Neapolitan aristocrat

Tiberio Carafa (1669–1742) was a Neapolitan aristocrat and man of letters. He remained loyal to the Habsburgs throughout the War of the Spanish Succession (1701–1715) and the War of the Polish Succession (1733–1735). A member of the Carafa family, he succeeded his father as the Prince of Chiusano in 1711.

==Life==
Carafa was born at Chiusano on 27 January 1669 to Prince Fabrizio Carafa and Beatrice della Leonessa. He received his primary education in Chiusano before being sent to study the art of chivalry in Naples. On 10 May 1692, at the insistence of his father, he married the twice-widowed Giovanna Carafa, primarily for economic reasons. He moved in with his wife in Campolieto.

In September 1701, following the accession of Philip of Bourbon, Carafa played the leading part in the Conspiracy of Macchia. He delivered the conspirators' demand for the restoration of the parliament and of the seven great offices of state. The chief influences on his political thinking were the Jesuit Francisco María Torres and the traditionalist Tommaso Strozzi. After the failure of the conspiracy, he fled to Venice and thence joined the imperial army under Eugene of Savoy.

Carafa took part in the battle of Cremona, the siege of Mantua and the battle of Luzzara in 1702. He spent much of the next two years in Vienna and Hungary. In 1703, he seriously injured Bartolomeo Ceva Grimaldi in a duel in Vienna. In 1704, he took part in the siege of Landau. He returned to Naples with the army of Wirich Philipp von Daun in 1707. He brought news of the conquest to Charles of Habsburg, then in Barcelona, and urged him to concentrate on securing Naples over conquering Spain. Charles named him a grandee of Spain and awarded him a pension.

Carafa returned to Naples in 1708. He inherited his father's title and fief in 1711. He was also a patron of the theatre. He sponsored La Cilla by Francesco Antonio Tullio and Michelangelo Faggioli, the first commedia per musica, in his own home in 1707. He constructed the Teatro della Pace in 1723. Its first performance was Leonardo Vinci's La mogliere fedele in 1724. The Teatro, however, was a source of controversy in the city, especially with the church.

Having trouble receiving his full pension, Carafa travelled to Vienna in 1724 without success. At the outbreak of war in 1733, he urged a vigorous defence of the kingdom. Appointed vicar general of the province of Principato Ultra in December 1733 and subsequently governor of Terra di Bari. Unable to defend either in the face of a Bourbon invasion, he fled the kingdom a second time for Venice and Vienna in May 1734. His estates were seized by the new Bourbon government.

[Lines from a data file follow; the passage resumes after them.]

lemma rho_integral_kern:
  assumes xy: "x \<noteq> y"
  shows "integrable rho (kern x y)" "integral\<^sup>L rho (kern x y) = (LINT r:{0<..<1}|lborel. hkern x y r)"
proof -
  note rho_kern = rho_integral_density[OF kern_density_eq kernels_integrable(2)[OF xy] kdens_meas]
  show "integrable rho (kern x y)" by (rule rho_kern(1))
  have "integral\<^sup>L rho (kern x y) = (LINT r:{0<..<1}|lborel. kdens x y r)" by (rule rho_kern(2))
  also have "\<dots> = (LINT r:{0<..<1}|lborel. hkern x y r) - (LINT r:{0<..<1}|lborel. hkern x y r - kdens x y r)"
    using set_integral_diff(2)[OF kernels_integrable[OF xy]] by simp
  finally show "integral\<^sup>L rho (kern x y) = (LINT r:{0<..<1}|lborel. hkern x y r)"
    using integral_hkern_minus_kdens[OF xy] by simp
qed

lemma abs_rho_integral_kern:
  assumes xy: "x \<noteq> y"
  shows "ennreal \<bar>\<integral> r. kern x y r \<partial>rho\<bar> = (\<integral>\<^sup>+r. ennreal (indicator {0<..<1} r * hkern x y r) \<partial>lborel)"
proof -
  have int: "integrable lborel (\<lambda>r. indicator {0<..<1} r * hkern x y r)"
    using kernels_integrable(1)[OF xy] by (simp add: set_integrable_def)
  have nn: "0 \<le> (LINT r:{0<..<1}|lborel. hkern x y r)"
    unfolding set_lebesgue_integral_def by (intro integral_nonneg_AE AE_I2) (auto intro: hkern_nonneg split: split_indicator)
  have "(\<integral>\<^sup>+r. ennreal (indicator {0<..<1} r * hkern x y r) \<partial>lborel) = ennreal (integral\<^sup>L lborel (\<lambda>r. indicator {0<..<1} r * hkern x y r))"
    using int by (intro nn_integral_eq_integral) (auto intro!: AE_I2 simp: hkern_nonneg split: split_indicator)
  then show ?thesis using rho_integral_kern(2)[OF xy] nn by (simp add: set_lebesgue_integral_def)
qed

lemma quartic_tail_right:
  assumes K: "0 \<le> K" and a: "0 < a"
  shows "(\<integral>\<^sup>+v. ennreal (K / v ^ 4) * indicator {a..} v \<partial>lborel) = ennreal (K / (3 * a ^ 3))"
proof -
  have "(\<integral>\<^sup>+v. ennreal (K / v ^ 4) * indicator {a..} v \<partial>lborel) = 0 - (- K / (3 * a ^ 3))"
  proof (rule nn_integral_FTC_atLeast)
    show "(\<lambda>v::real. K / v ^ 4) \<in> borel_measurable borel" by measurable
    fix v :: real assume v: "a \<le> v"
    then have "v \<noteq> 0" using a by auto
    then show "((\<lambda>v. - K / (3 * v ^ 3)) has_real_derivative K / v ^ 4) (at v)"
      by (auto intro!: derivative_eq_intros simp: field_simps eval_nat_numeral)
    show "0 \<le> K / v ^ 4" using K by simp
  next
    show "((\<lambda>v::real. - K / (3 * v ^ 3)) \<longlongrightarrow> 0) at_top" by real_asymp
  qed
  then show ?thesis by simp
qed

lemma quartic_tail:
  assumes K: "0 \<le> K" and a: "0 < a"
  shows "(\<integral>\<^sup>+v. ennreal (K / v ^ 4) * indicator {v. a \<le> \<bar>v\<bar>} v \<partial>lborel) = ennreal (2 * K / (3 * a ^ 3))"
proof -
  have split: "\<And>v. ennreal (K / v ^ 4) * indicator {v. a \<le> \<bar>v\<bar>} v
      = ennreal (K / v ^ 4) * indicator {a..} v + ennreal (K / v ^ 4) * indicator {..-a} v"
    using a by (auto split: split_indicator)
  have neg: "(\<integral>\<^sup>+v. ennreal (K / v ^ 4) * indicator {..-a} v \<partial>lborel)
      = (\<integral>\<^sup>+v. ennreal (K / v ^ 4) * indicator {a..} v \<partial>lborel)"
  proof -
    have "(\<integral>\<^sup>+v. ennreal (K / v ^ 4) * indicator {..-a} v \<partial>lborel)
        = (\<integral>\<^sup>+v. ennreal (K / (0 + -1 * v) ^ 4) * indicator {..-a} (0 + -1 * v) \<partial>lborel)"
      using nn_integral_real_affine[of "\<lambda>v. ennreal (K / v ^ 4) * indicator {..-a} v" "-1" 0] by simp
    also have "\<dots> = (\<integral>\<^sup>+v. ennreal (K / v ^ 4) * indicator {a..} v \<partial>lborel)"
      by (intro nn_integral_cong) (auto split: split_indicator)
    finally show ?thesis .
  qed
  have "(\<integral>\<^sup>+v. ennreal (K / v ^ 4) * indicator {v. a \<le> \<bar>v\<bar>} v \<partial>lborel)
     = (\<integral>\<^sup>+v. ennreal (K / v ^ 4) * indicator {a..} v \<partial>lborel) + (\<integral>\<^sup>+v. ennreal (K / v ^ 4) * indicator {..-a} v \<partial>lborel)"
    unfolding split by (rule nn_integral_add) auto
  also have "\<dots> = ennreal (K / (3 * a ^ 3)) + ennreal (K / (3 * a ^ 3))"
    unfolding neg quartic_tail_right[OF K a] ..
  also have "\<dots> = ennreal (2 * K / (3 * a ^ 3))"
    using K a by (simp flip: ennreal_plus)
  finally show ?thesis .
qed
(* Let $\emptyset\neq A\subseteq L^0(E)$ and $1\le s\le p<\infty$. Then: (1) if $\operatorname{chcd}_pA\neq\emptyset$, then $\operatorname{chcd}_0\operatorname{chcd}_pA=\operatorname{chcd}_0A$; (2) $\operatorname{chcd}_p\operatorname{chcd}_0A=\operatorname{chcd}_pA$; (3) $\operatorname{chcd}_p\operatorname{chcd}_pA=\operatorname{chcd}_pA$; (4) $\operatorname{chcd}_p\operatorname{chcd}_sA=\operatorname{chcd}_pA$; (5) if $\operatorname{chcd}_pA\neq\emptyset$, then $\operatorname{chcd}_s\operatorname{chcd}_pA=\operatorname{chcd}_sA$.
   Context: $E$ is a separable Banach space; $(\Omega,\mathcal F,\mathbb P)$ a complete probability space; $L^0(E)$ the a.s.-classes of $E$-valued random variables, $L^q(E)=\{\xi:\mathbb E|\xi|^q<\infty\}$. $\operatorname{chcd}_0$ is the $0$-Choquet convex decomposable hull operator on subsets of $L^0(E)$: for nonempty $B\subseteq L^0(E)$, $\operatorname{chcd}_0B=\operatorname{cl}_0\operatorname{dec}\operatorname{conv}B$, the closure in probability of the set of finite decompositions $\sum_{i=1}^m1_{C_i}\xi_i$ ($(C_i)$ a measurable partition of $\Omega$) of elements $\xi_i$ of the convex hull of $B$, and $\operatorname{chcd}_0\emptyset=\emptyset$; it is extensive, monotone and idempotent. For $q\in[1,\infty)$ and any $B\subseteq L^0(E)$, the (extended) $q$-Choquet convex decomposable hull is $\operatorname{chcd}_qB:=\operatorname{chcd}_0B\cap L^q(E)$ (for $B\subseteq L^q(E)$ this agrees with $\operatorname{cl}_q\operatorname{dec}\operatorname{conv}B$, closure in $L^q$-norm). *)

theory Defs
  imports "HOL-Probability.Probability"
begin

text \<open>Random variables are represented by (Borel) measurable functions; L^0(E) is the set
  of measurable functions, and all sets below are saturated under a.e. equality
  (closures in probability), so working with representatives is harmless.\<close>

definition L0 :: "'a measure \<Rightarrow> ('a \<Rightarrow> 'b::{banach,second_countable_topology}) set" where
  "L0 M = borel_measurable M"

definition Lq :: "'a measure \<Rightarrow> real \<Rightarrow> ('a \<Rightarrow> 'b::{banach,second_countable_topology}) set" where
  "Lq M q = {f \<in> borel_measurable M. integrable M (\<lambda>x. norm (f x) powr q)}"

In 1734, Carafa's wife died. In 1741, he married Maria Giuseppa Pinelli. He had no children by either wife, but one illegitimate daughter, Maria Anna. Carafa died in Vienna on 9 December 1742. His daughter died a Chiusano in 1764.

==Works==
In 1707, Carafa wrote a Parere (opinion) dedicated to Charles of Habsburg in which he identified four reforms the kingdom needed: a new legal code, an army recruited locally, the shoring up of the old nobility and academies to foster education and technical skill. He wrote two historical works, a history of Naples, Storia compendiata della città e Regno di Napoli, and an account of the causes and course of the conquest of the kingdom, Relazione della guerra in Italia nel 1733–1734. In the Relazione, he laments the attitudes of the city thus:Naples, in order not to stain the title of 'most faithful city' which it had borne for over three thousand years, had made it a fundamental principle humbly to pray God to grant it a good prince, but, in practice, to tolerate any one that came along.
Carafa wrote many patriotic and moralizing poems, but also at least one poetic fable, Iliso o l'amante generoso. His religious interests and study of the Bible are apparent in his Meditazioni. In old age, he wrote the Opuscoli, reflexions on platonic love, friendship and honesty.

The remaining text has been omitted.